Background: High-throughput analyses yielded a large number of predictive biomarkers in prostatic cancer (PCa) patients. Combinations of these biomarkers and with clinical features could improve on prediction.
Materials and methods: Tissue microarrays (640 patients) with triplicate cores of non-neoplastic prostate, benign prostatic hyperplasia (BPH), and index tumor were immunostained with antibodies to numerous biomarkers, digitized, and quantified. We used tree-based classification algorithms to stratify patients into 3 risk strata on the basis of their clinical and pathologic data. Markers were tested for prognostic ability in each stratum (stratum 1 had <10% risk of recurrence; stratum 3 had >60% likelihood of recurrence over a period >12 years). Sub stratification of the clinico-pathologic strata was also pursued.
Results: We identified a number of significant predictors for PSA recurrence free survival, which were used to construct a predictive model that combines clinical and biomarker data. In the low-risk clinico-pathologic stratum, the markers were predominantly related to non-neoplastic tissues, in the moderate-risk stratum to stromal-epithelial interactions and angiogenesis, while those in the high-risk stratum were mostly oncogenes. Substratification of the intermediate risk group using stromal quantitation and proliferative index successfully, up or down, staged the risk strata for most patients.

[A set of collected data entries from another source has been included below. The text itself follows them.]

lemma concatenated_cycle_antipodal_gpdist_ge:
  fixes ll :: "nat \<Rightarrow> nat" and b N :: nat and p :: real
  assumes C: "connected_graph E" and G: "is_graph E"
    and N: "N = (\<Sum>i<n. ll i)" and w: "closed_walk E N w"
    and near: "\<And>i t. i < n \<Longrightarrow> t \<le> ll i \<Longrightarrow> gdist E (V i) (w ((\<Sum>m<i. ll m) + t)) \<le> t"
    and bnd: "\<And>i. i < n \<Longrightarrow> ll i \<le> b" and b: "0 < b"
    and V: "\<And>i j. i < n \<Longrightarrow> j < n \<Longrightarrow> \<mu> * cyc_dist n i j - 2 \<le> gdist E (V i) (V j)"
    and \<mu>: "0 \<le> \<mu>"
    and p: "0 \<le> p" "p < N"
  shows "\<mu> * ((real N / 2 - 1) / b - 1) - 4 - 2 * real b
    \<le> gpdist E (cycle_point w p) (cycle_point w (antipode N p))"
proof -
  let ?q = "antipode N p"
  have q: "0 \<le> ?q" "?q < N" using antipode_bounds[OF p] by auto
  define k k' where "k = nat \<lfloor>p\<rfloor>" and "k' = nat \<lfloor>?q\<rfloor>"
  have k: "real k \<le> p" "p < real k + 1" "k < N" and k': "real k' \<le> ?q" "?q < real k' + 1" "k' < N"
    unfolding k_def k'_def using p q by linarith+
  obtain i t where i: "i < n" "t < ll i" "k = (\<Sum>m<i. ll m) + t"
    using less_sum_lessThan_decompose[of k ll n] k(3) N by auto
  obtain j t' where j: "j < n" "t' < ll j" "k' = (\<Sum>m<j. ll m) + t'"
    using less_sum_lessThan_decompose[of k' ll n] k'(3) N by auto
  have "circle_dist N k k' > real N / 2 - 1"
    using circle_dist_lipschitz[of N k k' p ?q] circle_dist_antipode_self[OF p] k k' by linarith
  then have "(real N / 2 - 1) / b - 1 \<le> cyc_dist n i j"
    using cyc_dist_segments_ge[OF bnd b i(1) j(1) i(2) j(2)] b N i(3) j(3)
    by (smt (verit) divide_right_mono of_nat_0_le_iff)
  then have "\<mu> * ((real N / 2 - 1) / b - 1) - 2 \<le> gdist E (V i) (V j)"
    using V[OF i(1) j(1)] \<mu> by (smt (verit) mult_left_mono)
  also have "\<dots> \<le> gdist E (V i) (w k) + gdist E (w k) (w k') + gdist E (w k') (V j)"
    using gdist_triangle[OF C, of "V i" "V j" "w k"] gdist_triangle[OF C, of "w k" "V j" "w k'"]
    by linarith
  also have "\<dots> \<le> gdist E (w k) (w k') + 2 * real b"
    using near[OF i(1), of t] near[OF j(1), of t'] gdist_sym[OF C G, of "V j" "w k'"]
      bnd[OF i(1)] bnd[OF j(1)] i j by simp
  also have "gdist E (w k) (w k') \<le> gpdist E (cycle_point w p) (cycle_point w ?q) + 2"
    unfolding k_def k'_def by (rule gdist_floor_vertices_le_gpdist[OF C G w p q])
  finally show ?thesis by linarith
qed

lemma segment_ratio_ge:
  fixes d lam b :: real
  assumes d: "0 < d" "d \<le> 1 / 8" and lam: "0 < lam" "2 \<le> d * lam"
    and b: "1 \<le> b" "b \<le> (1 + d) * lam + 2"
  shows "1 / (1 + 4 * d) \<le> lam / (1 + d) / b"
proof -
  have "b \<le> (1 + 2 * d) * lam" using b lam by (simp add: algebra_simps)
  then have "(1 + d) * b \<le> (1 + d) * ((1 + 2 * d) * lam)" using d by simp
  also have "\<dots> = ((1 + d) * (1 + 2 * d)) * lam" by simp
  also have "\<dots> \<le> (1 + 4 * d) * lam"
  proof (rule mult_right_mono)
    have "d * (2 * d) \<le> d * 1" using d by (intro mult_left_mono) auto
    then show "(1 + d) * (1 + 2 * d) \<le> 1 + 4 * d" by (simp add: algebra_simps)
  qed (use lam in simp)
  finally have "lam / ((1 + 4 * d) * lam) \<le> lam / ((1 + d) * b)"
    using d b lam by (intro divide_left_mono) auto
  then show ?thesis using lam by simp
qed

lemma inverse_halves_gap_ge:
  fixes d N :: real
  assumes d: "0 < d" "d \<le> 1 / 8" and N: "0 \<le> N"
  shows "2 * d * N / 3 \<le> N / (2 * (1 + 4 * d)) - N / (2 * (1 + 8 * d))"
proof -
  define a c where "a = 1 + 4 * d" and "c = 1 + 8 * d"
  have ac: "0 < a" "0 < c" "c - a = 4 * d" using d unfolding a_def c_def by auto
  have "a * c \<le> 3 / 2 * 2" unfolding a_def c_def using d by (intro mult_mono) auto
  then have "2 * d * N / 3 \<le> 2 * d * N / (a * c)"
    using d N ac by (intro divide_left_mono) auto
  also have "\<dots> = N * (c - a) / (2 * a * c)" using ac(3) by simp
  also have "\<dots> = N / (2 * a) - N / (2 * c)" using ac(1,2) by (simp add: field_simps)
  finally show ?thesis unfolding a_def c_def .
qed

Conclusions: The fact that different biomarkers are most predictive of disease recurrence within different risk subgroups suggests an association between biological processes and prognostic ability. This is the first time that subgroup analysis of markers finds that prognostic ability is associated with biological processes and is proof of concept that distinct phenotypes are associated with risk of recurrence in different types of cancer.